The tragic fall of powerful men is a theme common in literature, from Giovanni Boccaccio's De Casibus Virorum Illustrium through John Lydgate's The Fall of Princes to The Monk's Tale, by Geoffrey Chaucer. The consensus of modern scholarship is that Byron's Childe Harold Canto 3, which was about the fall of Napoleon and whose manuscript Shelley had transported to Byron's publisher John Murray, was also a prompt for the poem.

Like Samuel Taylor Coleridge's Kubla Khan and Shelley's own Alastor, the poem may be viewed in the context of a wave of Orientalism prevalent in Western Europe, helped along by such events as the invasion of Egypt in 1798 by Napoleon and the accompanying Description of Egypt. The imagery of the statue's harsh, but commanding, bearing is evocative of the Byronic hero, and professor Hadley J. Mozer has gone further in suggesting that Shelley was describing Byron's own 1814 portrait by George Henry Harlow.

== Reception and impact ==
The poem has been cited as Shelley's best-known and is generally considered one of his best works, although it is sometimes considered uncharacteristic of his poetry. An article in Alif cited "Ozymandias" as "one of the greatest and most famous poems in the English language". Stephens considered that the Ozymandias Shelley created dramatically altered the opinion of Europeans on the king. It has been translated into Russian, as Shelley was an influential figure in Russia. The influence of the poem may be found in other works, including Wuthering Heights by Emily Brontë.

"Ozymandias" has been included in many poetry anthologies, particularly school textbooks, such as the UK's AQA GCSE English Literature Power and Conflict Anthology, where it is often included because of its perceived simplicity and the relative ease with which it may be memorized. Several poets, including Richard Watson Gilder and John B. Rosenman, have written poems entitled "Ozymandias" in response to Shelley's work.

Ozymandias gilberti, a giant fossil fish from the Miocene of California that is known only from a few fragmentary remains, was named by David Starr Jordan as an allusion to the poem.

The fourteenth episode of the final season of Breaking Bad, covering the dramatic downfall of protagonist Walter White, was entitled "Ozymandias". A recitation of the poem by series lead Bryan Cranston was used in a trailer for the series.

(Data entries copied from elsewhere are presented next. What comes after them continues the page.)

text \<open>A point of the minimal level carries no weight on non-minimal vertices and on directions
  along which \<open>f\<close> increases, since every term of the excess is nonnegative.\<close>
lemma gen_set_level_subset:
  fixes f :: "'a::real_vector \<Rightarrow> real"
  assumes f: "linear f" "\<And>z. z \<in> X0 \<Longrightarrow> f z = 0" "\<And>j. j \<in> J \<Longrightarrow> 0 \<le> f (v j)"
    and IJ: "finite I" "finite J" and m: "\<And>i. i \<in> I \<Longrightarrow> m \<le> f (u i)"
    and x: "x \<in> gen_set I u J v X0" "f x = m"
  shows "x \<in> gen_set {i \<in> I. f (u i) = m} u {j \<in> J. f (v j) = 0} v X0"
proof -
  obtain lam mu z where x': "x = (\<Sum>i\<in>I. lam i *\<^sub>R u i) + (\<Sum>j\<in>J. mu j *\<^sub>R v j) + z"
    "\<forall>i\<in>I. 0 \<le> lam i" "(\<Sum>i\<in>I. lam i) = 1" "\<forall>j\<in>J. 0 \<le> mu j" "z \<in> X0"
    using x(1) by (rule gen_setE)
  have nonneg: "\<forall>i\<in>I. 0 \<le> lam i * (f (u i) - m)" "\<forall>j\<in>J. 0 \<le> mu j * f (v j)"
    using x'(2,4) m f(3) by simp_all
  have "f x - m = (\<Sum>i\<in>I. lam i * (f (u i) - m)) + (\<Sum>j\<in>J. mu j * f (v j))"
    unfolding x'(1) by (rule gen_set_excess[OF f(1,2) x'(3,5)])
  then have "(\<Sum>i\<in>I. lam i * (f (u i) - m)) + (\<Sum>j\<in>J. mu j * f (v j)) = 0"
    using x(2) by simp
  moreover have "0 \<le> (\<Sum>i\<in>I. lam i * (f (u i) - m))" "0 \<le> (\<Sum>j\<in>J. mu j * f (v j))"
    using nonneg by (simp_all add: sum_nonneg)
  ultimately have "(\<Sum>i\<in>I. lam i * (f (u i) - m)) = 0" "(\<Sum>j\<in>J. mu j * f (v j)) = 0"
    by linarith+
  then have lam0: "\<forall>i\<in>I. lam i * (f (u i) - m) = 0" and mu0: "\<forall>j\<in>J. mu j * f (v j) = 0"
    using nonneg IJ by (simp_all add: sum_nonneg_eq_0_iff)
  define I0 J0 where "I0 = {i \<in> I. f (u i) = m}" and "J0 = {j \<in> J. f (v j) = 0}"
  have "(\<Sum>i\<in>I. lam i *\<^sub>R u i) = (\<Sum>i\<in>I0. lam i *\<^sub>R u i)" "(\<Sum>i\<in>I. lam i) = (\<Sum>i\<in>I0. lam i)"
    "(\<Sum>j\<in>J. mu j *\<^sub>R v j) = (\<Sum>j\<in>J0. mu j *\<^sub>R v j)"
    using IJ lam0 mu0 unfolding I0_def J0_def by (auto intro!: sum.mono_neutral_right)
  moreover have "(\<Sum>i\<in>I0. lam i *\<^sub>R u i) + (\<Sum>j\<in>J0. mu j *\<^sub>R v j) + z \<in> gen_set I0 u J0 v X0"
    using x'(2-5) calculation(2) unfolding I0_def J0_def by (intro gen_setI) simp_all
  ultimately show ?thesis using x'(1) unfolding I0_def J0_def by simp
qed

lemma gen_set_value_on_level:
  fixes f :: "'a::real_vector \<Rightarrow> real"
  assumes f: "linear f" "\<And>z. z \<in> X0 \<Longrightarrow> f z = 0"
    and x: "x \<in> gen_set {i \<in> I. f (u i) = m} u {j \<in> J. f (v j) = 0} v X0"
  shows "f x = m"
proof -
  obtain lam mu z where x': "x = (\<Sum>i\<in>{i \<in> I. f (u i) = m}. lam i *\<^sub>R u i) + (\<Sum>j\<in>{j \<in> J. f (v j) = 0}. mu j *\<^sub>R v j) + z"
    "(\<Sum>i\<in>{i \<in> I. f (u i) = m}. lam i) = 1" "z \<in> X0"
    using x by (rule gen_setE)
  have "f x - m = (\<Sum>i\<in>{i \<in> I. f (u i) = m}. lam i * (f (u i) - m))
      + (\<Sum>j\<in>{j \<in> J. f (v j) = 0}. mu j * f (v j))"
    unfolding x'(1) by (rule gen_set_excess[OF f x'(2,3)])
  then show ?thesis by simp
qed

lemma gen_set_argmin:
  fixes f :: "'a::real_vector \<Rightarrow> real"
  assumes f: "linear f" "\<And>z. z \<in> X0 \<Longrightarrow> f z = 0" "\<And>j. j \<in> J \<Longrightarrow> 0 \<le> f (v j)"
    and IJ: "finite I" "I \<noteq> {}" "finite J" and X0: "subspace X0"
  shows "{x \<in> gen_set I u J v X0. \<forall>y\<in>gen_set I u J v X0. f x \<le> f y}
       = gen_set {i0 \<in> I. \<forall>i\<in>I. f (u i0) \<le> f (u i)} u {j0 \<in> J. f (v j0) = 0} v X0"
proof -
  define m where "m = Min (f ` u ` I)"
  have m_le: "m \<le> f (u i)" if "i \<in> I" for i unfolding m_def using IJ(1) that by simp
  have "m \<in> f ` u ` I" unfolding m_def using IJ(1,2) by (intro Min_in) auto
  then obtain i0 where i0: "i0 \<in> I" "f (u i0) = m" by auto
  have I0: "{i0 \<in> I. \<forall>i\<in>I. f (u i0) \<le> f (u i)} = {i \<in> I. f (u i) = m}"
    using m_le i0 by (auto intro: antisym)
  have face: "gen_set {i \<in> I. f (u i) = m} u {j \<in> J. f (v j) = 0} v X0 \<subseteq> gen_set I u J v X0"
    by (rule gen_set_mono) (use IJ in auto)
  have level: "x \<in> gen_set I u J v X0 \<and> f x = m \<longleftrightarrow>
      x \<in> gen_set {i \<in> I. f (u i) = m} u {j \<in> J. f (v j) = 0} v X0" for x
  proof
    assume x: "x \<in> gen_set I u J v X0 \<and> f x = m"
    show "x \<in> gen_set {i \<in> I. f (u i) = m} u {j \<in> J. f (v j) = 0} v X0"
      by (rule gen_set_level_subset[OF f IJ(1,3) m_le]) (use x in auto)
  next
    assume x: "x \<in> gen_set {i \<in> I. f (u i) = m} u {j \<in> J. f (v j) = 0} v X0"
    show "x \<in> gen_set I u J v X0 \<and> f x = m"
      using face x gen_set_value_on_level[OF f(1,2) x] by blast
  qed
  have vertex: "u i0 \<in> gen_set I u J v X0" by (rule gen_set_vertex[OF IJ(1) i0(1) X0])
  have "x \<in> gen_set I u J v X0 \<and> (\<forall>y\<in>gen_set I u J v X0. f x \<le> f y) \<longleftrightarrow>
      x \<in> gen_set I u J v X0 \<and> f x = m" for x
  proof
    assume x: "x \<in> gen_set I u J v X0 \<and> (\<forall>y\<in>gen_set I u J v X0. f x \<le> f y)"
    then have "f x \<le> m" using vertex i0(2) by force
    then show "x \<in> gen_set I u J v X0 \<and> f x = m"
      using x gen_set_value_ge[OF f m_le, where x=x] by simp
  next
    assume "x \<in> gen_set I u J v X0 \<and> f x = m"
    then show "x \<in> gen_set I u J v X0 \<and> (\<forall>y\<in>gen_set I u J v X0. f x \<le> f y)"
      using gen_set_value_ge[OF f m_le] by simp
  qed
  then show ?thesis unfolding I0 using level by blast
qed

The poem is quoted in the 2017 Ridley Scott science fiction film Alien: Covenant, part of the Alien franchise. The poem is also used in the plot to show David's fallibility as he attributes the poem not to Shelley, but to Lord Byron. Walter reacts: "When one note is off, it eventually destroys the whole symphony, David."

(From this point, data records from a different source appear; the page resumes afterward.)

lemma enn_powr_add: "r > 0 \<Longrightarrow> s > 0 \<Longrightarrow> enn_powr a r * enn_powr a s = enn_powr a (r + s)"
  by (cases a) (auto simp: enn_powr_def powr_add ennreal_mult)

lemma measurable_enn_powr [measurable]:
  assumes [measurable]: "u \<in> borel_measurable M"
  shows "(\<lambda>x. enn_powr (u x) p) \<in> borel_measurable M"
  unfolding enn_powr_def by measurable

lemma Youngs_inequality_scaled:
  fixes u v \<alpha> \<beta> a :: real
  assumes "0 \<le> u" "0 \<le> v" "\<alpha> > 0" "\<beta> > 0" "0 < a" "a < 1"
  shows "u powr a * v powr (1 - a) \<le> \<alpha> powr a * \<beta> powr (1 - a) * (a / \<alpha> * u + (1 - a) / \<beta> * v)"
proof (cases "u = 0 \<or> v = 0")
  case False
  with assms have "(u / \<alpha>) powr a * (v / \<beta>) powr (1 - a) \<le> a * (u / \<alpha>) + (1 - a) * (v / \<beta>)"
    by (intro Youngs_inequality_0) auto
  then have "\<alpha> powr a * \<beta> powr (1 - a) * ((u / \<alpha>) powr a * (v / \<beta>) powr (1 - a))
      \<le> \<alpha> powr a * \<beta> powr (1 - a) * (a / \<alpha> * u + (1 - a) / \<beta> * v)"
    by (intro mult_left_mono) auto
  also have "\<alpha> powr a * \<beta> powr (1 - a) * ((u / \<alpha>) powr a * (v / \<beta>) powr (1 - a))
      = u powr a * v powr (1 - a)"
    using assms by (simp add: powr_divide)
  finally show ?thesis .
qed (use assms in auto)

Ozymandias is used in a promotional short film for Bungie's 2026 title Marathon, read by Ben Starr as his in-game character Durandal.

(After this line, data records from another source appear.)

(* Let $N\ge 1$, let $\beta$ be a non-negative integer, and let $\mathbb{C}[x]=\mathbb{C}[x_1,\dots,x_N]$. For $Q$ in the algebra $\mathcal{H}_0'$ (defined in the context) and every $f\in\mathbb{C}[x]$, $$\sigma^A(Qf)=\rho^A(Q)\,\sigma^A(f).$$
   Context: Operators on $\mathbb{C}[x]$: $s_{ij}$ ($i\neq j$) swaps $x_i$ and $x_j$ in the argument of a function. The Dunkl operators are $D^A_j=\frac{\partial}{\partial x_j}+\beta\sum_{k\neq j}\frac{1-s_{jk}}{x_j-x_k}$, and the Cherednik operators are $\hat D^A_j=x_jD^A_j+\beta\sum_{k<j}s_{jk}$ ($j=1,\dots,N$). $\mathcal{H}_0'$ denotes the algebra of operators on $\mathbb{C}[x]$ generated by the $\hat D^A_j$ and the $s_{ij}$. Define $\tilde a^{\dagger}_j=\frac{1}{\sqrt2}\left(-D^A_j+2x_j\right)$ and $\tilde a_j=\frac{1}{\sqrt2}D^A_j$ (these are the conjugates $e^{\sum_k x_k^2/2}\circ\frac{1}{\sqrt2}(\mp D^A_j+x_j)\circ e^{-\sum_k x_k^2/2}$); the $\tilde a^\dagger_j$ mutually commute. $\rho^A$ denotes the algebra homomorphism from the operator algebra generated by $x_j$, $D^A_j$, $s_{ij}$ into the operators on $\mathbb{C}[x]$ determined by $\rho^A(x_j)=\tilde a^\dagger_j$, $\rho^A(D^A_j)=\tilde a_j$, $\rho^A(s_{ij})=s_{ij}$; in particular $\rho^A(\hat D^A_j)=\tilde a^\dagger_j\tilde a_j+\beta\sum_{k<j}s_{jk}$. The linear map $\sigma^A:\mathbb{C}[x]\to\mathbb{C}[x]$ is $\sigma^A(f)=f(\tilde a^\dagger_1,\dots,\tilde a^\dagger_N)\cdot 1$. *)

theory Defs
  imports Complex_Main "HOL-Library.Poly_Mapping"
begin

text \<open>Polynomials in C[x_1,...,x_N]: finitely supported maps from monomials
  (exponent vectors nat =>0 nat, variable x_i has index i, 1 <= i <= N) to complex
  coefficients.\<close>

type_synonym mpoly = "(nat \<Rightarrow>\<^sub>0 nat) \<Rightarrow>\<^sub>0 complex"

definition vars :: "mpoly \<Rightarrow> nat set" where
  "vars f = (\<Union>m\<in>Poly_Mapping.keys f. Poly_Mapping.keys m)"

definition var :: "nat \<Rightarrow> mpoly" where
  "var j = Poly_Mapping.single (Poly_Mapping.single j 1) 1"

definition smult :: "complex \<Rightarrow> mpoly \<Rightarrow> mpoly" where
  "smult c f = Poly_Mapping.map (\<lambda>a. c * a) f"

definition pderiv :: "nat \<Rightarrow> mpoly \<Rightarrow> mpoly" where
  "pderiv j f = Abs_poly_mapping
     (\<lambda>(m::nat \<Rightarrow>\<^sub>0 nat). of_nat (Poly_Mapping.lookup m j + 1) * Poly_Mapping.lookup f (m + Poly_Mapping.single j 1))"

definition transp :: "nat \<Rightarrow> nat \<Rightarrow> nat \<Rightarrow> nat" where
  "transp j k i = (if i = j then k else if i = k then j else i)"

definition swap_mon :: "nat \<Rightarrow> nat \<Rightarrow> (nat \<Rightarrow>\<^sub>0 nat) \<Rightarrow> (nat \<Rightarrow>\<^sub>0 nat)" where
  "swap_mon j k m = Abs_poly_mapping (\<lambda>(i::nat). Poly_Mapping.lookup m (transp j k i))"

definition swapP :: "nat \<Rightarrow> nat \<Rightarrow> mpoly \<Rightarrow> mpoly" where
  "swapP j k f = Abs_poly_mapping (\<lambda>(m::nat \<Rightarrow>\<^sub>0 nat). Poly_Mapping.lookup f (swap_mon j k m))"

definition divdiff :: "nat \<Rightarrow> nat \<Rightarrow> mpoly \<Rightarrow> mpoly" where
  "divdiff j k f = (THE g. (var j - var k) * g = f - swapP j k f)"

definition dunkl :: "nat \<Rightarrow> nat \<Rightarrow> nat \<Rightarrow> mpoly \<Rightarrow> mpoly" where
  "dunkl N \<beta> j f = pderiv j f
     + smult (of_nat \<beta>) (\<Sum>k\<in>{1..N} - {j}. divdiff j k f)"

definition cherednik :: "nat \<Rightarrow> nat \<Rightarrow> nat \<Rightarrow> mpoly \<Rightarrow> mpoly" where
  "cherednik N \<beta> j f = var j * dunkl N \<beta> j f
     + smult (of_nat \<beta>) (\<Sum>k\<in>{1..<j}. swapP j k f)"

definition adag :: "nat \<Rightarrow> nat \<Rightarrow> nat \<Rightarrow> mpoly \<Rightarrow> mpoly" where
  "adag N \<beta> j f = smult (1 / complex_of_real (sqrt 2))
      (- dunkl N \<beta> j f + smult 2 (var j * f))"

definition ann :: "nat \<Rightarrow> nat \<Rightarrow> nat \<Rightarrow> mpoly \<Rightarrow> mpoly" where
  "ann N \<beta> j f = smult (1 / complex_of_real (sqrt 2)) (dunkl N \<beta> j f)"

definition rho_cherednik :: "nat \<Rightarrow> nat \<Rightarrow> nat \<Rightarrow> mpoly \<Rightarrow> mpoly" where
  "rho_cherednik N \<beta> j f = adag N \<beta> j (ann N \<beta> j f)
     + smult (of_nat \<beta>) (\<Sum>k\<in>{1..<j}. swapP j k f)"

definition adag_mon :: "nat \<Rightarrow> nat \<Rightarrow> (nat \<Rightarrow>\<^sub>0 nat) \<Rightarrow> mpoly \<Rightarrow> mpoly" where
  "adag_mon N \<beta> m = foldr (\<lambda>j acc. (adag N \<beta> j ^^ Poly_Mapping.lookup m j) \<circ> acc) [1..<Suc N] id"

definition sigmaA :: "nat \<Rightarrow> nat \<Rightarrow> mpoly \<Rightarrow> mpoly" where
  "sigmaA N \<beta> f = (\<Sum>m\<in>Poly_Mapping.keys f. smult (Poly_Mapping.lookup f m) (adag_mon N \<beta> m 1))"

text \<open>Elements of the algebra H_0' are represented by expressions in its generators
  (hat D^A_j, s_ij); ev gives the operator, ev_rho its image under rho^A.\<close>
datatype opexp =
    Cher nat
  | Swp nat nat
  | Ident
  | Comp opexp opexp
  | Add opexp opexp
  | Scal complex opexp

fun wf_op :: "nat \<Rightarrow> opexp \<Rightarrow> bool" where
  "wf_op N (Cher j) = (1 \<le> j \<and> j \<le> N)"
| "wf_op N (Swp i j) = (1 \<le> i \<and> i \<le> N \<and> 1 \<le> j \<and> j \<le> N \<and> i \<noteq> j)"
| "wf_op N Ident = True"
| "wf_op N (Comp a b) = (wf_op N a \<and> wf_op N b)"
| "wf_op N (Add a b) = (wf_op N a \<and> wf_op N b)"
| "wf_op N (Scal c a) = wf_op N a"

fun ev :: "nat \<Rightarrow> nat \<Rightarrow> opexp \<Rightarrow> mpoly \<Rightarrow> mpoly" where
  "ev N \<beta> (Cher j) f = cherednik N \<beta> j f"
| "ev N \<beta> (Swp i j) f = swapP i j f"
| "ev N \<beta> Ident f = f"
| "ev N \<beta> (Comp a b) f = ev N \<beta> a (ev N \<beta> b f)"
| "ev N \<beta> (Add a b) f = ev N \<beta> a f + ev N \<beta> b f"
| "ev N \<beta> (Scal c a) f = smult c (ev N \<beta> a f)"

fun ev_rho :: "nat \<Rightarrow> nat \<Rightarrow> opexp \<Rightarrow> mpoly \<Rightarrow> mpoly" where
  "ev_rho N \<beta> (Cher j) f = rho_cherednik N \<beta> j f"
| "ev_rho N \<beta> (Swp i j) f = swapP i j f"
| "ev_rho N \<beta> Ident f = f"
| "ev_rho N \<beta> (Comp a b) f = ev_rho N \<beta> a (ev_rho N \<beta> b f)"
| "ev_rho N \<beta> (Add a b) f = ev_rho N \<beta> a f + ev_rho N \<beta> b f"
| "ev_rho N \<beta> (Scal c a) f = smult c (ev_rho N \<beta> a f)"

end

theory Submission
  imports Defs
begin

(*
  sigma^A is the linear map with sigma(1) = 1 and sigma(x_l f) = tilde a^dagger_l sigma(f); this is
  consistent because the tilde a^dagger_l commute, which rests on the commutativity of the Dunkl
  operators.  The tilde a^dagger_l transform under the swaps exactly like the x_l, so sigma commutes
  with the swaps.  The commutator [D_j, x_l] is an operator c_jl built from swaps, and
  [tilde a_j, tilde a^dagger_l] is the same c_jl; since D_j and tilde a_j both annihilate constants,
  induction on f gives sigma(D_j f) = tilde a_j sigma(f).  The Cherednik operators are built from the
  x_j, the D_j and the swaps, so the theorem follows by induction on the expression for Q.
*)

abbreviation lookup :: "('a \<Rightarrow>\<^sub>0 'b::zero) \<Rightarrow> 'a \<Rightarrow> 'b" where
  "lookup \<equiv> Poly_Mapping.lookup"

abbreviation keys :: "('a \<Rightarrow>\<^sub>0 'b::zero) \<Rightarrow> 'a set" where
  "keys \<equiv> Poly_Mapping.keys"

abbreviation const_poly :: "complex \<Rightarrow> mpoly" where
  "const_poly c \<equiv> Poly_Mapping.single 0 c"

abbreviation var_exp :: "nat \<Rightarrow> (nat \<Rightarrow>\<^sub>0 nat)" where
  "var_exp l \<equiv> Poly_Mapping.single l 1"

section \<open>Polynomials\<close>

lemma lookup_single_mult:
  fixes f :: "'a::cancel_comm_monoid_add \<Rightarrow>\<^sub>0 'b::comm_semiring_1"
  shows "lookup (Poly_Mapping.single k v * f) m = v * Sum_any (\<lambda>q. lookup f q when m = k + q)"
  by (simp add: lookup_mult lookup_single when_mult)

lemma lookup_single_mult_add:
  fixes f :: "'a::cancel_comm_monoid_add \<Rightarrow>\<^sub>0 'b::comm_semiring_1"
  shows "lookup (Poly_Mapping.single k v * f) (k + q) = v * lookup f q"
  unfolding lookup_single_mult by simp

lemma lookup_single_mult_eq_0:
  fixes f :: "'a::cancel_comm_monoid_add \<Rightarrow>\<^sub>0 'b::comm_semiring_1"
  shows "(\<And>q. m \<noteq> k + q) \<Longrightarrow> lookup (Poly_Mapping.single k v * f) m = 0"
  unfolding lookup_single_mult by simp

lemma lookup_const_poly_mult: "lookup (const_poly c * f) m = c * lookup f m"
  using lookup_single_mult_add[of 0 c f m] by simp

lemma const_poly_mult: "const_poly (a * b) = const_poly a * const_poly b"
  by (simp add: mult_single)

lemma smult_eq_const_poly_mult: "smult c f = const_poly c * f"
  unfolding smult_def by (rule mult_map_scale_conv_mult)

lemma var_exp_add_diff:
  fixes m :: "nat \<Rightarrow>\<^sub>0 nat"
  assumes "0 < lookup m l"
  shows "m = var_exp l + (m - var_exp l)"
  by (rule poly_mapping_eqI) (use assms in \<open>auto simp: lookup_add lookup_minus lookup_single when_def\<close>)

lemma var_exp_add_neq:
  fixes m :: "nat \<Rightarrow>\<^sub>0 nat"
  assumes "lookup m l = 0"
  shows "m \<noteq> var_exp l + q"
  using assms by (auto simp: lookup_add)

lemma lookup_var_exp_add: "lookup (var_exp l + m) = (lookup m)(l := Suc (lookup m l))"
  by (auto simp: fun_eq_iff lookup_add lookup_single)

lemma var_mult_single: "var l * Poly_Mapping.single m c = Poly_Mapping.single (var_exp l + m) c"
  unfolding var_def by (simp add: mult_single)

lemma var_diff_var_neq_0:
  assumes "j \<noteq> k"
  shows "var j - var k \<noteq> 0"
proof
  assume "var j - var k = 0"
  then have "lookup (var j) (var_exp j) = lookup (var k) (var_exp j)" by simp
  then have "var_exp k = var_exp j" unfolding var_def by (simp add: lookup_single when_def split: if_splits)
  then have "lookup (var_exp k) j = lookup (var_exp j) j" by simp
  with assms show False by (simp add: lookup_single)
qed

lemma mpoly_monom_expansion: "(f::mpoly) = (\<Sum>m\<in>keys f. Poly_Mapping.single m (lookup f m))"
proof (rule poly_mapping_eqI)
  fix m
  have "lookup (\<Sum>m\<in>keys f. Poly_Mapping.single m (lookup f m)) m = (\<Sum>m'\<in>keys f. lookup f m' when m' = m)"
    by (simp add: lookup_sum lookup_single)
  also have "\<dots> = lookup f m"
    by (cases "m \<in> keys f") (auto simp: when_def in_keys_iff)
  finally show "lookup f m = lookup (\<Sum>m\<in>keys f. Poly_Mapping.single m (lookup f m)) m" by simp
qed

lemma mpoly_induct [case_names const add var]:
  assumes const: "\<And>c. P (const_poly c)"
    and add: "\<And>f g. P f \<Longrightarrow> P g \<Longrightarrow> P (f + g)"
    and var: "\<And>l f. P f \<Longrightarrow> P (var l * f)"
  shows "P f"
proof -
  have monom: "P (Poly_Mapping.single m c)" for m c
  proof (induction m arbitrary: c rule: update_induct)
    case const then show ?case using assms(1) by simp
  next
    case (update g a b)
    have "P (Poly_Mapping.single (g + Poly_Mapping.single a n) c)" for n c
    proof (induction n arbitrary: c)
      case 0 then show ?case using update.IH by simp
    next
      case (Suc n)
      have "g + Poly_Mapping.single a (Suc n) = var_exp a + (g + Poly_Mapping.single a n)"
        by (simp add: single_add[symmetric] add_ac)
      then show ?case using var[OF Suc.IH, of a] by (simp add: var_mult_single)
    qed
    moreover have "Poly_Mapping.update a b g = g + Poly_Mapping.single a b"
      by (rule poly_mapping_eqI)
        (use update.hyps(1) in \<open>auto simp: lookup_update lookup_add lookup_single when_def in_keys_iff\<close>)
    ultimately show ?case by simp
  qed
  have "P (\<Sum>m\<in>S. Poly_Mapping.single m (lookup f m))" if "finite S" for S
    using that by (induction S rule: finite_induct) (use const[of 0] add monom in simp_all)
  then show ?thesis by (subst mpoly_monom_expansion) simp
qed

definition lin_op :: "(mpoly \<Rightarrow> mpoly) \<Rightarrow> bool" where
  "lin_op T \<longleftrightarrow> (\<forall>f g. T (f + g) = T f + T g) \<and> (\<forall>c f. T (const_poly c * f) = const_poly c * T f)"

English Goth band The Sisters of Mercy's 1988 song "Dominion/ Mother Russia" was inspired by "Ozymandias" & borrows the poem's last line, "The lone and level sands stretch far away". The 3" CD single also featured a backwards version of the song titled "Ozymandias".

The British stoner/doom metal band Green Lung have recorded a song called "Ozymandias", released on their fourth album "Necropolitan". The song is a loose lyrical adaptation of Shelley's sonnet.